In complex analysis, a removable singularity (sometimes called a cosmetic singularity) of a holomorphic function is a point at which the function is undefined, but it is possible to define the function at that point in such a way that the function is regular in a neighbourhood of that point.
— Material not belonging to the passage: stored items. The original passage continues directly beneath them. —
lemma sum_power4_mass_transfer:
  assumes "j \<noteq> k" and "z $ j \<noteq> 0" and "z $ k \<noteq> 0" and "0 \<le> t" and "t \<le> (cmod (z $ j))\<^sup>2"
  shows "(\<Sum>i\<in>UNIV. cmod (mass_transfer z j k t $ i) ^ 4) - (\<Sum>i\<in>UNIV. cmod (z $ i) ^ 4)
    = 2 * t * (t - ((cmod (z $ j))\<^sup>2 - (cmod (z $ k))\<^sup>2))"
proof -
  have pow4: "x ^ 4 = (x\<^sup>2)\<^sup>2" for x :: real
    by simp
  have "(\<Sum>i\<in>UNIV. ((cmod (mass_transfer z j k t $ i))\<^sup>2)\<^sup>2) - (\<Sum>i\<in>UNIV. ((cmod (z $ i))\<^sup>2)\<^sup>2)
      = (((cmod (z $ j))\<^sup>2 - t)\<^sup>2 - ((cmod (z $ j))\<^sup>2)\<^sup>2) + (((cmod (z $ k))\<^sup>2 + t)\<^sup>2 - ((cmod (z $ k))\<^sup>2)\<^sup>2)"
    by (subst sum_diff_vec_eq_off_two[OF \<open>j \<noteq> k\<close> mass_transfer_nth_other])
      (simp_all only: norm_mass_transfer_source[OF assms(2,5)] norm_mass_transfer_target[OF assms(1,3,4)] not_False_eq_True)
  also have "\<dots> = 2 * t * (t - ((cmod (z $ j))\<^sup>2 - (cmod (z $ k))\<^sup>2))"
    by (simp add: power2_eq_square algebra_simps)
  finally show ?thesis
    unfolding pow4 .
qed

lemma norm_cinner_star_mass_transfer_le:
  assumes "j \<noteq> k" and "z $ j \<noteq> 0" and "z $ k \<noteq> 0" and "0 \<le> t" and "t \<le> (cmod (z $ j))\<^sup>2"
  shows "cmod (cinner_star a (mass_transfer z j k t) - cinner_star a z)
    \<le> t * (cmod (a $ j) / cmod (z $ j) + cmod (a $ k) / cmod (z $ k))"
proof -
  define cj where "cj = sqrt (1 - t / (cmod (z $ j))\<^sup>2)"
  define ck where "ck = sqrt (1 + t / (cmod (z $ k))\<^sup>2)"
  have "cinner_star a (mass_transfer z j k t) - cinner_star a z
      = (cnj (a $ j) * mass_transfer z j k t $ j - cnj (a $ j) * z $ j)
        + (cnj (a $ k) * mass_transfer z j k t $ k - cnj (a $ k) * z $ k)"
    unfolding cinner_star_def by (rule sum_diff_vec_eq_off_two[OF \<open>j \<noteq> k\<close> mass_transfer_nth_other])
  also have "\<dots> = of_real (cj - 1) * (cnj (a $ j) * z $ j) + of_real (ck - 1) * (cnj (a $ k) * z $ k)"
    using \<open>j \<noteq> k\<close> by (auto simp: mass_transfer_def cj_def ck_def algebra_simps)
  finally have diff: "cinner_star a (mass_transfer z j k t) - cinner_star a z = \<dots>" .
  have bound_j: "\<bar>cj - 1\<bar> \<le> t / (cmod (z $ j))\<^sup>2"
    using abs_sqrt_one_plus_minus_one_le[of "- t / (cmod (z $ j))\<^sup>2"] assms unfolding cj_def by simp
  have "0 \<le> t / (cmod (z $ k))\<^sup>2"
    using \<open>0 \<le> t\<close> by simp
  then have bound_k: "\<bar>ck - 1\<bar> \<le> t / (cmod (z $ k))\<^sup>2"
    using abs_sqrt_one_plus_minus_one_le[of "t / (cmod (z $ k))\<^sup>2"] unfolding ck_def by simp
  have norm_of_real_minus_1: "cmod (of_real c - 1) = \<bar>c - 1\<bar>" for c
    by (metis norm_of_real of_real_1 of_real_diff)
  have "cmod (cinner_star a (mass_transfer z j k t) - cinner_star a z)
      \<le> \<bar>cj - 1\<bar> * (cmod (a $ j) * cmod (z $ j)) + \<bar>ck - 1\<bar> * (cmod (a $ k) * cmod (z $ k))"
    unfolding diff by (rule order_trans[OF norm_triangle_ineq]) (simp add: norm_mult norm_of_real_minus_1)
  also have "\<dots> \<le> t / (cmod (z $ j))\<^sup>2 * (cmod (a $ j) * cmod (z $ j))
      + t / (cmod (z $ k))\<^sup>2 * (cmod (a $ k) * cmod (z $ k))"
    using bound_j bound_k by (intro add_mono mult_right_mono) auto
  also have "\<dots> = t * (cmod (a $ j) / cmod (z $ j) + cmod (a $ k) / cmod (z $ k))"
    using assms by (simp add: power2_eq_square field_simps)
  finally show ?thesis .
qed
lemma dsd_school_consistent_on:
  assumes M: "consistent_on (set (take k ms)) M" and k: "k < length ms"
  shows "consistent_on (set (take (Suc k) ms)) (dsd_school ptype cap (ms ! k) (L (ms ! k)) M)"
proof -
  define s where "s = ms ! k"
  define T where "T = set (take k ms)"
  define M' where "M' = dsd_school ptype cap s (L s) M"
  have "s \<in> S" using k ms_set unfolding s_def by auto
  have L: "distinct (L s)" "set (L s) = {a\<in>A. s \<in> acc a}" "sorted_wrt (spref s) (L s)"
    using school_lists \<open>s \<in> S\<close> by auto
  have before_s: "index ms t < index ms s" if "t \<in> T" for t
    using index_less_if_in_take[OF ms_distinct] that index_nth[OF ms_distinct k]
    unfolding T_def s_def by simp
  have take_Suc: "set (take (Suc k) ms) = insert s T"
    using k unfolding s_def T_def by (simp add: take_Suc_conv_app_nth)
  have M_sub: "M \<subseteq> (SIGMA a:A. acc a \<inter> T)" and M_adm: "\<forall>a\<in>A. \<forall>t\<in>acc a \<inter> T. (a, t) \<in> M \<longleftrightarrow> admits M a t"
    using M unfolding consistent_on_def T_def by auto
  have no_s: "(b, s) \<notin> M" for b using M_sub before_s by blast
  have asym: "\<forall>a\<in>set (L s). \<forall>b\<in>set (L s). spref s a b \<longrightarrow> \<not> spref s b a"
    using strict_lin_on_asym[OF spref_strict_lin] L(2) by blast
  define fits where "fits a \<longleftrightarrow> (\<forall>p\<in>ptype a. card (preferred_at M' s p a) < cap s p)" for a
  have "M' = M \<union> {(a, s) | a. a \<in> set (L s) \<and> unassigned M a \<and> fits a}"
    unfolding M'_def fits_def preferred_at_def
    by (rule dsd_school_eq[OF L(1,3) asym]) (use no_s in blast)
  then have mem_M': "(b, t) \<in> M' \<longleftrightarrow> (b, t) \<in> M \<or> (t = s \<and> b \<in> set (L s) \<and> unassigned M b \<and> fits b)"
    for b t by blast
  have M'_sub: "M' \<subseteq> (SIGMA a:A. acc a \<inter> insert s T)" using mem_M' M_sub L(2) by auto
  then have sub: "M' \<subseteq> Sigma A acc" "M \<subseteq> Sigma A acc" using M_sub by blast+
  have earlier: "(a, t) \<in> M' \<longleftrightarrow> admits M' a t" if a: "a \<in> A" "t \<in> acc a" "t \<in> T" for a t
  proof -
    have away_from_s: "(b, t') \<in> M' \<longleftrightarrow> (b, t') \<in> M"
      if "index ms t' < index ms t \<or> t' = t" for b t'
      using that before_s[OF a(3)] mem_M' by auto
    have "(a, t) \<in> M' \<longleftrightarrow> admits M a t"
      using away_from_s[of t a] M_adm a by auto
    also have "\<dots> \<longleftrightarrow> admits M' a t"
      using admits_cong[OF sub(2,1) a(1,2)] away_from_s by blast
    finally show ?thesis .
  qed
  have at_s: "(a, s) \<in> M' \<longleftrightarrow> admits M' a s" if a: "a \<in> A" "s \<in> acc a" for a
  proof -
    have "unassigned M a \<longleftrightarrow> (\<forall>t. (a, t) \<in> M' \<longrightarrow> \<not> apref a t s)"
    proof
      assume "unassigned M a"
      then have "(a, t) \<in> M' \<Longrightarrow> t = s" for t using mem_M' unfolding unassigned_def by blast
      then show "\<forall>t. (a, t) \<in> M' \<longrightarrow> \<not> apref a t s"
        using strict_lin_on_irrefl[OF apref_strict_lin[OF a(1)] a(2)] by blast
    next
      assume no_better: "\<forall>t. (a, t) \<in> M' \<longrightarrow> \<not> apref a t s"
      show "unassigned M a" unfolding unassigned_def
      proof (intro allI notI)
        fix t assume t: "(a, t) \<in> M"
        then have "t \<in> acc a" "index ms t < index ms s" using M_sub before_s by auto
        then have "apref a t s" using apref_iff_index_less[OF a] by blast
        then show False using no_better t mem_M' by blast
      qed
    qed
    moreover have "(a, s) \<in> M' \<longleftrightarrow> unassigned M a \<and> fits a"
      using mem_M' no_s a L(2) by auto
    ultimately show ?thesis unfolding admits_def fits_def by blast
  qed
  show ?thesis
    unfolding consistent_on_def take_Suc s_def[symmetric] M'_def[symmetric]
    using M'_sub earlier at_s by blast
qed
lemma std_interference_map_nonneg: "std_interference_map T \<Longrightarrow> 0 \<le> x \<Longrightarrow> 0 \<le> T x"
  using std_interference_map_pos[of T x] by (simp add: less_eq_vec_def less_imp_le)

lemma std_interference_map_nonzero: "std_interference_map T \<Longrightarrow> 0 \<le> x \<Longrightarrow> T x \<noteq> 0"
  using std_interference_map_pos[of T x] by (metis less_irrefl zero_index)

lemma std_interference_map_mono:
  assumes "std_interference_map T" and "0 \<le> y" and "y \<le> x"
  shows "T y \<le> T x"
  using std_interference_fun_mono[OF std_interference_map_nth[OF assms(1)] assms(2,3)]
  by (simp add: less_eq_vec_def)

section \<open>Asymptotic functions\<close>

lemma asymptotic_fun_le_ratio:
  assumes f: "std_interference_fun f" and x: "0 \<le> x" and h: "0 < h"
  shows "asymptotic_fun f x \<le> ereal (f (h *\<^sub>R x) / h)"
  unfolding asymptotic_fun_def Liminf_def
proof (rule SUP_least)
  fix P assume "P \<in> {P. eventually P ((at_top :: real filter) \<times>\<^sub>F nhds x)}"
  then obtain Pf Pg where Pf: "eventually Pf at_top" and Pg: "eventually Pg (nhds x)"
    and PP: "\<forall>h y. Pf h \<longrightarrow> Pg y \<longrightarrow> P (h, y)"
    by (auto simp: eventually_prod_filter)
  obtain N where N: "\<forall>n\<ge>N. Pf n"
    using Pf unfolding eventually_at_top_linorder by blast
  define h' where "h' = max N h"
  have h': "0 < h'" "h \<le> h'" "P (h', x)"
    using h PP N eventually_nhds_x_imp_x[OF Pg] unfolding h'_def by auto
  have "Inf ((\<lambda>(h, y). ext_fun f (h *\<^sub>R y) / ereal h) ` Collect P)
      \<le> ext_fun f (h' *\<^sub>R x) / ereal h'"
    by (rule Inf_lower) (use h'(3) in auto)
  also have "\<dots> = ereal (f (h' *\<^sub>R x) / h')"
    using x h' by (simp add: ext_fun_def less_eq_vec_def)
  also have "\<dots> \<le> ereal (f (h *\<^sub>R x) / h)"
    using std_interference_fun_ratio_antimono[OF f x h h'(2)] by simp
  finally show "Inf ((\<lambda>(h, y). ext_fun f (h *\<^sub>R y) / ereal h) ` Collect P)
      \<le> ereal (f (h *\<^sub>R x) / h)" .
qed
lemma prob_count_above_le_off_mode:
  assumes "0 < \<delta>" "\<delta> \<le> entropy (pmf d)" "s \<noteq> t0"
  shows "measure_pmf.prob (iid_sample n d)
           {X. real n * (pmf d s + \<delta>) \<le> real (card {j\<in>{..<n}. X j = s})}
         \<le> exp (- (real n * deviation_rate d \<delta>))"
proof -
  let ?p = "pmf d s" and ?V = "cat_var (pmf d)" and ?H = "entropy (pmf d)" and ?S = "real CARD('a)"
  have "0 < ?V" using assms by (intro cat_var_pos_if_entropy_pos) simp
  have "measure_pmf.prob (iid_sample n d)
        {X. real n * (?p + \<delta>) \<le> real (card {j\<in>{..<n}. X j = s})}
      = measure_pmf.prob (binomial_pmf n ?p) {k. real n * (?p + \<delta>) \<le> real k}"
    by (rule prob_iid_sample_count_eq_binomial)
  also have "\<dots> \<le> exp (- (real n * (\<delta>\<^sup>2 / (2 * max (2 * ?p) \<delta>))))"
    using assms by (intro binomial_upper_tail) (auto simp: pmf_le_1)
  also have "\<dots> \<le> exp (- (real n * deviation_rate d \<delta>))"
  proof (rule exp_tail_le_deviation_rate)
    show "0 < max (2 * ?p) \<delta>" using assms by simp
    have "\<delta> * ?V \<le> ?H * ?H"
      using assms cat_var_le_entropy[of d] \<open>0 < ?V\<close> by (intro mult_mono) auto
    also have "\<dots> \<le> ?S * ?H\<^sup>2"
      using mult_right_mono[of 1 ?S "?H\<^sup>2"] by (simp add: power2_eq_square Suc_le_eq)
    finally have "\<delta> * ?V \<le> ?S * ?H\<^sup>2" .
    moreover have "2 * ?p * ?V \<le> 2 * (1 - pmf d t0) * ?V"
      using pmf_le_one_minus_pmf[OF assms(3), of d] \<open>0 < ?V\<close> by simp
    ultimately show "max (2 * ?p) \<delta> * ?V \<le> ?S * ?H\<^sup>2"
      using mode_compl_mult_cat_var_le[OF mode] by (simp add: max_def)
  qed
  finally show ?thesis .
qed

end

lemma prob_count_above_le:
  fixes d :: "'a :: finite pmf"
  assumes "0 < \<delta>" "\<delta> \<le> entropy (pmf d)"
  shows "measure_pmf.prob (iid_sample n d)
           {X. real n * (pmf d s + \<delta>) \<le> real (card {j\<in>{..<n}. X j = s})}
         \<le> exp (- (real n * deviation_rate d \<delta>))"
proof -
  obtain t0 where mode: "\<And>t. pmf d t \<le> pmf d t0" using pmf_mode_exists by blast
  show ?thesis
  proof (cases "s = t0")
    case True
    then show ?thesis using prob_mode_count_above_le[OF mode assms] by simp
  next
    case False
    then show ?thesis using prob_count_above_le_off_mode[OF mode assms] by simp
  qed
qed

lemma entropy_term_gap_subset:
  assumes "0 < n" "0 < \<delta>"
  shows "{X. \<delta> < empirical n X s * ln (empirical n X s) - pmf d s * ln (pmf d s)}
    \<subseteq> {X. 0 < pmf d s \<and> pmf d s < 1
           \<and> real (card {j\<in>{..<n}. X j = s}) \<le> real n * (pmf d s - \<delta> / - ln (pmf d s))}
      \<union> {X. real n * (pmf d s + \<delta>) \<le> real (card {j\<in>{..<n}. X j = s})}"
proof
  fix X assume "X \<in> {X. \<delta> < empirical n X s * ln (empirical n X s) - pmf d s * ln (pmf d s)}"
  then have "pmf d s + \<delta> \<le> empirical n X s
      \<or> (0 < pmf d s \<and> pmf d s < 1 \<and> empirical n X s \<le> pmf d s - \<delta> / - ln (pmf d s))"
    using assms(2) by (intro x_ln_x_gap_cases) (simp_all add: empirical_nonneg empirical_le_one)
  moreover have "real (card {j\<in>{..<n}. X j = s}) = real n * empirical n X s"
    using assms(1) by (simp add: empirical_def)
  ultimately show "X \<in> {X. 0 < pmf d s \<and> pmf d s < 1
           \<and> real (card {j\<in>{..<n}. X j = s}) \<le> real n * (pmf d s - \<delta> / - ln (pmf d s))}
      \<union> {X. real n * (pmf d s + \<delta>) \<le> real (card {j\<in>{..<n}. X j = s})}"
    by (auto intro: mult_left_mono)
qed
(* Let $G$ be a countable graph. Suppose that some connected component $H$ of $G$ has infinitely many pairwise non-isomorphic connected graphs equimorphic to $H$. Then $G$ has infinitely many pairwise non-isomorphic siblings, and if $G$ has at least two connected components, then infinitely many pairwise non-isomorphic siblings of $G$ are disconnected.
   Context: Graphs are undirected and loopless. $G$ embeds into $G'$ if $G$ is isomorphic to an induced subgraph of $G'$; $G,G'$ are equimorphic if each embeds into the other; a sibling of $G$ is a graph equimorphic to $G$. *)

theory Defs
  imports Main "HOL-Library.Countable_Set"
begin

type_synonym 'a ugraph = "'a set \<times> ('a \<times> 'a) set"

abbreviation verts :: "'a ugraph \<Rightarrow> 'a set" where "verts G \<equiv> fst G"
abbreviation edges :: "'a ugraph \<Rightarrow> ('a \<times> 'a) set" where "edges G \<equiv> snd G"

definition graph :: "'a ugraph \<Rightarrow> bool" where
  "graph G \<longleftrightarrow> edges G \<subseteq> verts G \<times> verts G \<and> sym (edges G)
     \<and> (\<forall>x. (x, x) \<notin> edges G)"

definition embeds :: "'a ugraph \<Rightarrow> 'b ugraph \<Rightarrow> bool" where
  "embeds G G' \<longleftrightarrow> (\<exists>f. inj_on f (verts G) \<and> f ` verts G \<subseteq> verts G' \<and>
     (\<forall>x\<in>verts G. \<forall>y\<in>verts G. (x, y) \<in> edges G \<longleftrightarrow> (f x, f y) \<in> edges G'))"

definition equimorphic :: "'a ugraph \<Rightarrow> 'b ugraph \<Rightarrow> bool" where
  "equimorphic G G' \<longleftrightarrow> embeds G G' \<and> embeds G' G"

definition isomorphic :: "'a ugraph \<Rightarrow> 'b ugraph \<Rightarrow> bool" where
  "isomorphic G G' \<longleftrightarrow> (\<exists>f. bij_betw f (verts G) (verts G') \<and>
     (\<forall>x\<in>verts G. \<forall>y\<in>verts G. (x, y) \<in> edges G \<longleftrightarrow> (f x, f y) \<in> edges G'))"

definition connected_graph :: "'a ugraph \<Rightarrow> bool" where
  "connected_graph G \<longleftrightarrow> verts G \<noteq> {} \<and>
     (\<forall>x\<in>verts G. \<forall>y\<in>verts G. (x, y) \<in> (edges G)\<^sup>*)"

definition induced_subgraph :: "'a ugraph \<Rightarrow> 'a set \<Rightarrow> 'a ugraph" where
  "induced_subgraph G C = (C, edges G \<inter> (C \<times> C))"

definition component_sets :: "'a ugraph \<Rightarrow> 'a set set" where
  "component_sets G = {{y \<in> verts G. (x, y) \<in> (edges G)\<^sup>*} | x. x \<in> verts G}"

definition components :: "'a ugraph \<Rightarrow> 'a ugraph set" where
  "components G = induced_subgraph G ` component_sets G"

end

theory Submission
  imports Defs
begin

(* Replacing some components of a graph by connected graphs equimorphic to them produces an
   equimorphic graph with the same number of components, since embeddings can be assembled
   component by component.
   Let T be the given infinite family of pairwise non-isomorphic connected graphs equimorphic
   to the component H. If infinitely many t in T are not components of G, let G_t be G with H
   replaced by t: t is a component of G_t but not of G_t' for t' other than t, so these
   siblings are pairwise non-isomorphic. Otherwise infinitely many t in T are components of G
   not isomorphic to H; let G_t be G with every component isomorphic to t replaced by H: now t
   is not a component of G_t, while every other such t' is. *)

section \<open>Isomorphisms and embeddings\<close>

lemma isomorphic_refl: "isomorphic X X"
  unfolding isomorphic_def by (rule exI[of _ id]) simp

lemma isomorphic_sym:
  assumes "isomorphic X Y" shows "isomorphic Y X"
proof -
  obtain f where f: "bij_betw f (verts X) (verts Y)"
    and e: "\<forall>x\<in>verts X. \<forall>y\<in>verts X. (x, y) \<in> edges X \<longleftrightarrow> (f x, f y) \<in> edges Y"
    using assms unfolding isomorphic_def by blast
  let ?g = "inv_into (verts X) f"
  have g: "bij_betw ?g (verts Y) (verts X)" using f by (rule bij_betw_inv_into)
  have "(x, y) \<in> edges Y \<longleftrightarrow> (?g x, ?g y) \<in> edges X" if "x \<in> verts Y" "y \<in> verts Y" for x y
  proof -
    have "?g x \<in> verts X" "?g y \<in> verts X" using g that bij_betwE by blast+
    moreover have "f (?g x) = x" "f (?g y) = y" using f that by (meson bij_betw_inv_into_right)+
    ultimately show ?thesis using e by metis
  qed
  then show ?thesis using g unfolding isomorphic_def by blast
qed

lemma isomorphic_trans:
  assumes "isomorphic X Y" "isomorphic Y Z" shows "isomorphic X Z"
proof -
  obtain f where f: "bij_betw f (verts X) (verts Y)"
    and e: "\<forall>x\<in>verts X. \<forall>y\<in>verts X. (x, y) \<in> edges X \<longleftrightarrow> (f x, f y) \<in> edges Y"
    using assms(1) unfolding isomorphic_def by blast
  obtain g where g: "bij_betw g (verts Y) (verts Z)"
    and e': "\<forall>x\<in>verts Y. \<forall>y\<in>verts Y. (x, y) \<in> edges Y \<longleftrightarrow> (g x, g y) \<in> edges Z"
    using assms(2) unfolding isomorphic_def by blast
  have "bij_betw (g \<circ> f) (verts X) (verts Z)" using f g by (rule bij_betw_trans)
  moreover have "f x \<in> verts Y" if "x \<in> verts X" for x using f that bij_betwE by blast
  ultimately show ?thesis using e e' unfolding isomorphic_def by (intro exI[of _ "g \<circ> f"]) simp
qed

lemma isomorphic_imp_embeds: "isomorphic X Y \<Longrightarrow> embeds X Y"
  unfolding isomorphic_def embeds_def bij_betw_def by blast
(* The graph property $\mathsf{NON\text{-}3\text{-}COLORABLE}$ (the complement of $3\text{-}\mathsf{COLORABLE}$) does not belong to $\mathrm{NLP}$.
   Context: Graphs. All graphs are finite, nonempty, simple, undirected and connected, and labeled: a graph is a triple $G=(V(G),E(G),\lambda_G)$ with labeling $\lambda_G:V(G)\to\{0,1\}^*$. $\mathsf{GRAPH}$ is the set of all graphs. A graph property is a subset of $\mathsf{GRAPH}$ closed under label-preserving isomorphism. $N^G_r(u)$ denotes the subgraph of $G$ induced by the nodes at distance at most $r$ from $u$. $3\text{-}\mathsf{COLORABLE}$ is the set of graphs $G$ admitting $f:V(G)\to\{0,1,2\}$ with $f(u)\ne f(v)$ for every edge $\{u,v\}$ (labels irrelevant), and $\mathsf{NON\text{-}3\text{-}COLORABLE}=\mathsf{GRAPH}\setminus3\text{-}\mathsf{COLORABLE}$. Identifiers and certificates. An identifier assignment of $G$ is a map $\mathrm{id}:V(G)\to\{0,1\}^*$; it is $r$-locally unique if $\mathrm{id}(u)\neq\mathrm{id}(v)$ for all distinct nodes $u,v$ at distance at most $2r$. Identifiers are ordered lexicographically (a proper prefix is smaller). A certificate assignment is a map $\kappa:V(G)\to\{0,1\}^*$; for $r\in\mathbb N$ and $p:\mathbb N\to\mathbb N$ it is $(r,p)$-bounded (w.r.t. $(G,\mathrm{id})$) if $|\kappa(u)|\le p\big(\sum_{v\in N^G_r(u)}(1+|\lambda_G(v)|+|\mathrm{id}(v)|)\big)$ for every node $u$. Distributed Turing machines. Such a machine $M$ is a Turing machine with three one-way-infinite tapes (receiving, internal, sending) over the alphabet $\{\vdash,\square,\#,0,1\}$ (left-end marker, blank, separator, bits), with designated states start, pause, stop. It is executed on a graph $G$ under an (at least $1$-locally unique) identifier assignment $\mathrm{id}$ and a certificate assignment $\kappa$: every node runs its own copy of $M$ in synchronous rounds. In each round, a node $u$ whose neighbors are $v_1,\dots,v_d$ in increasing identifier order (i) gets $m_1\#\cdots\#m_d\#$ on its receiving tape, where $m_i$ is the message sent to it by $v_i$ in the previous round (empty in the first round); (ii) its sending tape is emptied, its internal tape is initialized to $\lambda_G(u)\#\mathrm{id}(u)\#\kappa(u)$ in the first round and otherwise keeps its content, and, unless $u$ reached stop in an earlier round, $M$ runs from state start with all heads leftmost until it enters pause or stop; (iii) $u$ sends to $v_i$ the $i$-th $\#$-separated bit string on its sending tape (the empty string if there is none). The execution terminates once all nodes are in stop; $G$ is accepted, written $M(G,\mathrm{id},\kappa)\equiv\mathrm{accept}$, if at that point every node has exactly the bit string $1$ on its internal tape (symbols other than $0,1$ ignored). A local-polynomial machine is a distributed Turing machine for which there are a constant $c$ and a polynomial $q$ such that, on every graph and under all identifier and certificate assignments, all nodes reach stop within $c$ rounds, and in every round every node makes at most $q(n)$ computation steps, $n$ being the total length of its receiving- and internal-tape contents at the beginning of the round. $\mathrm{NLP}$ is the class of graph properties $P$ for which there exist a local-polynomial machine $M$, constants $r_{\mathrm{id}},r\ge 1$ and a polynomial $p$ such that for every graph $G$ and every $r_{\mathrm{id}}$-locally unique identifier assignment $\mathrm{id}$ of $G$: $G\in P\iff\exists\kappa\,:\,M(G,\mathrm{id},\kappa)\equiv\mathrm{accept}$, $\kappa$ ranging over $(r,p)$-bounded certificate assignments of $(G,\mathrm{id})$. *)

theory Defs
  imports Main "HOL-Computational_Algebra.Polynomial"
begin

text \<open>Bit strings are bool lists (False = 0, True = 1).  Vertices are natural numbers
(every finite graph is isomorphic to one on natural numbers).\<close>

type_synonym bits = "bool list"

record graph =
  verts :: "nat set"
  edges :: "nat set set"
  label :: "nat \<Rightarrow> bits"

definition adj :: "graph \<Rightarrow> nat \<Rightarrow> nat \<Rightarrow> bool" where
  "adj G u v \<longleftrightarrow> {u, v} \<in> edges G"
(* Let $(R,\mathfrak{m})$ be a commutative Artinian local ring with identity, $\mathfrak{m}\neq0$ and $\mathfrak{m}^2=0$, and let $n\ge7$ be an integer. If $|R|>4$ (including $R$ infinite), then $L(x^n)=\{3,4,5,\dots,n-2\}\cup\{n\}$ if $n$ is odd, and $L(x^n)=\{2,3,4,\dots,n-2\}\cup\{n\}$ if $n$ is even. If $|R|=4$, then $L(x^n)=\{3,4,5,\dots,n-4\}\cup\{n-2,n\}$ if $n$ is odd, and $L(x^n)=\{2,3,4,\dots,n-4\}\cup\{n-2,n\}$ if $n$ is even.
   Context: A nonunit polynomial in $R[x]$ is irreducible if in any factorization into two polynomials one factor is a unit of $R[x]$ (a polynomial $a_0+\dots+a_dx^d$ is a unit iff $a_0$ is a unit of $R$ and $a_i\in\mathfrak{m}$ for $i>0$). A positive integer $k$ is a length of $f\in R[x]$ if $f$ is a product of $k$ irreducible polynomials of $R[x]$; $L(f)$ denotes the set of lengths of $f$. *)

theory Defs
  imports "HOL-Computational_Algebra.Polynomial" "HOL-Computational_Algebra.Factorial_Ring"
begin

definition is_ideal :: "'a::comm_ring_1 set \<Rightarrow> bool" where
  "is_ideal I \<longleftrightarrow> 0 \<in> I \<and> (\<forall>a\<in>I. \<forall>b\<in>I. a + b \<in> I) \<and> (\<forall>r. \<forall>a\<in>I. r * a \<in> I)"

definition artinian_ring :: "'a::comm_ring_1 itself \<Rightarrow> bool" where
  "artinian_ring _ \<longleftrightarrow>
     \<not> (\<exists>I :: nat \<Rightarrow> 'a set. (\<forall>k. is_ideal (I k)) \<and> (\<forall>k. I (Suc k) \<subset> I k))"

definition maximal_ideal :: "'a::comm_ring_1 set \<Rightarrow> bool" where
  "maximal_ideal M \<longleftrightarrow> is_ideal M \<and> M \<noteq> UNIV \<and>
     (\<forall>J. is_ideal J \<and> M \<subseteq> J \<longrightarrow> J = M \<or> J = UNIV)"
For instance, the function

$f(z) = \frac{\sin z}{z}$

has a singularity at z = 0. This singularity can be removed by defining f(0) := 1, which is the limit of f as z tends to 0. The resulting function is holomorphic. In this case the problem was caused by f being given an indeterminate form. Taking a power series expansion for $\frac{\sin(z)}{z}$ shows that

$f(z) = \frac{1}{z}\left(\sum_{k=0}^{\infty} \frac{(-1)^kz^{2k+1}}{(2k+1)!} \right) = \sum_{k=0}^{\infty} \frac{(-1)^kz^{2k}}{(2k+1)!} = 1 - \frac{z^2}{3!} + \frac{z^4}{5!} - \frac{z^6}{7!} + \cdots.$

Formally, if U is an open subset of the complex plane C, a is a point of U, and f: U − {a} → C is a holomorphic function, then a is called a removable singularity for f if there exists a holomorphic function g: U → C which coincides with f on U − {a}. We say f is holomorphically extendable over U if such a g exists.

[edit] Riemann's theorem

Riemann's theorem on removable singularities states when a singularity is removable:

Theorem. Let D be an open subset of the complex plane, a a point of D and f a holomorphic function defined on the set D \ {a}. The following are equivalent:

f is holomorphically extendable over a.
f is continuously extendable over a.
There exists a neighborhood of a on which f is bounded.
$\lim_{z\to a}(z - a) f(z) = 0$ .

The implications 1 ⇒ 2 ⇒ 3 ⇒ 4 are trivial. To prove 4 ⇒ 1, we first recall that the holomorphy of a function at a is equivalent to it being analytic at a (proof), i.e. having a power series representation. Define

$h(z) = \begin{cases} (z - a)^2 f(z) & z \ne a ,\\ 0 & z = a . \end{cases}$

Clearly, h is holomorphic on D \ {a}, and there exists

$h'(a)=\lim_{z\to a}\frac{(z - a)^2f(z)-0}{z-a}=\lim_{z\to a}(z - a) f(z)=0$

by 4, hence h is holomorphic on D and has a Taylor series about a:

$h(z) = a_0 + a_1(z-a) + a_2 (z - a)^2 + a_3 (z - a)^3 + \cdots .$

We have a₀ = h(a) = 0 and a₁ = h'(a) = 0; therefore

$g(z) = a_2 + a_3 (z - a) + a_4 (z - a)^2 + \cdots$

is a holomorphic extension of f over a, which proves the claim.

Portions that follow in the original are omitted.